⟨
(* Let $X$ be well ordered, $\Omega=\{D\}$ with $D$ unary, $\lambda\in K$, and order $\mathfrak{S}(X)$ by order $(2)$. Then $$S=\{D(xy)-D(x)y-xD(y)-\lambda D(x)D(y)\mid x,y\in\mathfrak{S}(X)\}$$ is a Gröbner–Shirshov basis in $K\langle X;D\rangle$.
   Context: General setup (here $\Omega=\{D\}$). $K$ is a commutative ring with unit; $S(Y)$ is the free semigroup on $Y$. $\mathfrak{S}_0=S(X)$, $\mathfrak{S}_n=S(X\cup\{D(u)\mid u\in\mathfrak{S}_{n-1}\})$, $\mathfrak{S}(X)=\bigcup_n\mathfrak{S}_n$; $K\langle X;D\rangle$ is the free $K$-module on $\mathfrak{S}(X)$ with concatenation product and $D$ extended linearly. Prime words are elements of $X\cup\{D(u)\}$; $bre(u)$ is the number of prime factors. $\mathfrak{S}^\star(X)$: words on $X\cup\{\star\}$ with exactly one $\star$; $u|_s$: substitution. Monomial ordering: well order with $w>v\Rightarrow u|_w>u|_v$. $\bar f$ = leading word, monic = leading coefficient $1$. Compositions of monic $f,g$: intersection $(f,g)_w=fa-bg$ when $w=\bar fa=b\bar g$, $a,b\in\mathfrak{S}(X)$, $bre(w)<bre(\bar f)+bre(\bar g)$; including $(f,g)_w=f-u|_g$ when $w=\bar f=u|_{\bar g}$, $u\in\mathfrak{S}^\star(X)$. $p\equiv q\ \mathrm{mod}(S,w)$ means $p-q=\sum\alpha_iu_i|_{s_i}$, $s_i\in S$, $u_i|_{\overline{s_i}}<w$. $S$ is a Gröbner–Shirshov basis if all its compositions are $\equiv0\ \mathrm{mod}(S,w)$. Order (2): each $u\in\mathfrak{S}(X)$ is uniquely $u=u_1\cdots u_n$ with $u_i\in X\cup D(\mathfrak{S}(X))$; $deg_X(u)$ is the number of occurrences of letters of $X$ in $u$; $wt(u)=(deg_X(u),u_1,\dots,u_n)$, and $u>v$ iff $wt(u)>wt(v)$ lexicographically, where prime words are compared by: for $x,y\in X$, $x>y$ per the order on $X$; $D(u')>x$ for all $x\in X$; $D(u')>D(v')$ iff $u'>v'$. *)

theory Defs
  imports Main "HOL-Library.Function_Algebras"
begin

text \<open>Prime words: a letter of X, or D(u) for a word u. A word of the free operated
semigroup is represented as the (nonempty) list of its prime factors u = u1...un.\<close>

datatype 'x prim = Lt 'x | Dp "'x prim list"

fun wfp :: "'x prim \<Rightarrow> bool" where
  "wfp (Lt x) = True"
| "wfp (Dp us) = (us \<noteq> [] \<and> (\<forall>p\<in>set us. wfp p))"

definition is_word :: "'x prim list \<Rightarrow> bool" where
  "is_word us \<longleftrightarrow> us \<noteq> [] \<and> (\<forall>p\<in>set us. wfp p)"

fun degp :: "'x prim \<Rightarrow> nat" where
  "degp (Lt x) = 1"
| "degp (Dp us) = sum_list (map degp us)"

definition degw :: "'x prim list \<Rightarrow> nat" where
  "degw us = sum_list (map degp us)"

text \<open>Order (2): u > v iff wt(u) > wt(v) lexicographically, wt(u) = (deg_X u, u1,...,un).\<close>
fun prim_less :: "'x::wellorder prim \<Rightarrow> 'x prim \<Rightarrow> bool"
and list_lex :: "'x::wellorder prim list \<Rightarrow> 'x prim list \<Rightarrow> bool" where
  "prim_less (Lt x) (Lt y) = (x < y)"
| "prim_less (Lt x) (Dp vs) = True"
| "prim_less (Dp us) (Lt y) = False"
| "prim_less (Dp us) (Dp vs) =
     (sum_list (map degp us) < sum_list (map degp vs) \<or>
      (sum_list (map degp us) = sum_list (map degp vs) \<and> list_lex us vs))"
| "list_lex [] [] = False"
| "list_lex [] (v # vs) = True"
| "list_lex (u # us) [] = False"
| "list_lex (u # us) (v # vs) = (prim_less u v \<or> (u = v \<and> list_lex us vs))"

definition word_less :: "'x::wellorder prim list \<Rightarrow> 'x prim list \<Rightarrow> bool" where
  "word_less u v \<longleftrightarrow> degw u < degw v \<or> (degw u = degw v \<and> list_lex u v)"

text \<open>Words on X \<union> {\<star>}; the letter None plays the role of \<star>.\<close>
fun nstar :: "'x option prim \<Rightarrow> nat" where
  "nstar (Lt None) = 1"
| "nstar (Lt (Some x)) = 0"
| "nstar (Dp us) = sum_list (map nstar us)"

definition star_word :: "'x option prim list \<Rightarrow> bool" where
  "star_word u \<longleftrightarrow> is_word u \<and> sum_list (map nstar u) = 1"

fun subst_p :: "'x option prim \<Rightarrow> 'x prim list \<Rightarrow> 'x prim list" where
  "subst_p (Lt None) s = s"
| "subst_p (Lt (Some x)) s = [Lt x]"
| "subst_p (Dp us) s = [Dp (concat (map (\<lambda>p. subst_p p s) us))]"

definition subst :: "'x option prim list \<Rightarrow> 'x prim list \<Rightarrow> 'x prim list" where
  "subst u s = concat (map (\<lambda>p. subst_p p s) u)"

text \<open>Elements are functions from words to K with finite support (coefficient maps).\<close>
type_synonym ('x, 'k) opoly = "'x prim list \<Rightarrow> 'k"

definition supp :: "('x, 'k::zero) opoly \<Rightarrow> 'x prim list set" where
  "supp f = {u. f u \<noteq> 0}"

definition single :: "'x prim list \<Rightarrow> 'k::zero \<Rightarrow> ('x, 'k) opoly" where
  "single u c = (\<lambda>v. if v = u then c else 0)"

definition smult :: "'k::times \<Rightarrow> ('x, 'k) opoly \<Rightarrow> ('x, 'k) opoly" where
  "smult c f = (\<lambda>w. c * f w)"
⟩
**What you have to do**
Lines from the first one above through the line containing "text \<open>Prime words: a" are to be retyped exactly, both included, and nothing more.

**Answer section**
(* Let $X$ be well ordered, $\Omega=\{D\}$ with $D$ unary, $\lambda\in K$, and order $\mathfrak{S}(X)$ by order $(2)$. Then $$S=\{D(xy)-D(x)y-xD(y)-\lambda D(x)D(y)\mid x,y\in\mathfrak{S}(X)\}$$ is a Gröbner–Shirshov basis in $K\langle X;D\rangle$.
   Context: General setup (here $\Omega=\{D\}$). $K$ is a commutative ring with unit; $S(Y)$ is the free semigroup on $Y$. $\mathfrak{S}_0=S(X)$, $\mathfrak{S}_n=S(X\cup\{D(u)\mid u\in\mathfrak{S}_{n-1}\})$, $\mathfrak{S}(X)=\bigcup_n\mathfrak{S}_n$; $K\langle X;D\rangle$ is the free $K$-module on $\mathfrak{S}(X)$ with concatenation product and $D$ extended linearly. Prime words are elements of $X\cup\{D(u)\}$; $bre(u)$ is the number of prime factors. $\mathfrak{S}^\star(X)$: words on $X\cup\{\star\}$ with exactly one $\star$; $u|_s$: substitution. Monomial ordering: well order with $w>v\Rightarrow u|_w>u|_v$. $\bar f$ = leading word, monic = leading coefficient $1$. Compositions of monic $f,g$: intersection $(f,g)_w=fa-bg$ when $w=\bar fa=b\bar g$, $a,b\in\mathfrak{S}(X)$, $bre(w)<bre(\bar f)+bre(\bar g)$; including $(f,g)_w=f-u|_g$ when $w=\bar f=u|_{\bar g}$, $u\in\mathfrak{S}^\star(X)$. $p\equiv q\ \mathrm{mod}(S,w)$ means $p-q=\sum\alpha_iu_i|_{s_i}$, $s_i\in S$, $u_i|_{\overline{s_i}}<w$. $S$ is a Gröbner–Shirshov basis if all its compositions are $\equiv0\ \mathrm{mod}(S,w)$. Order (2): each $u\in\mathfrak{S}(X)$ is uniquely $u=u_1\cdots u_n$ with $u_i\in X\cup D(\mathfrak{S}(X))$; $deg_X(u)$ is the number of occurrences of letters of $X$ in $u$; $wt(u)=(deg_X(u),u_1,\dots,u_n)$, and $u>v$ iff $wt(u)>wt(v)$ lexicographically, where prime words are compared by: for $x,y\in X$, $x>y$ per the order on $X$; $D(u')>x$ for all $x\in X$; $D(u')>D(v')$ iff $u'>v'$. *)

theory Defs
  imports Main "HOL-Library.Function_Algebras"
begin

text \<open>Prime words: a letter of X, or D(u) for a word u. A word of the free operated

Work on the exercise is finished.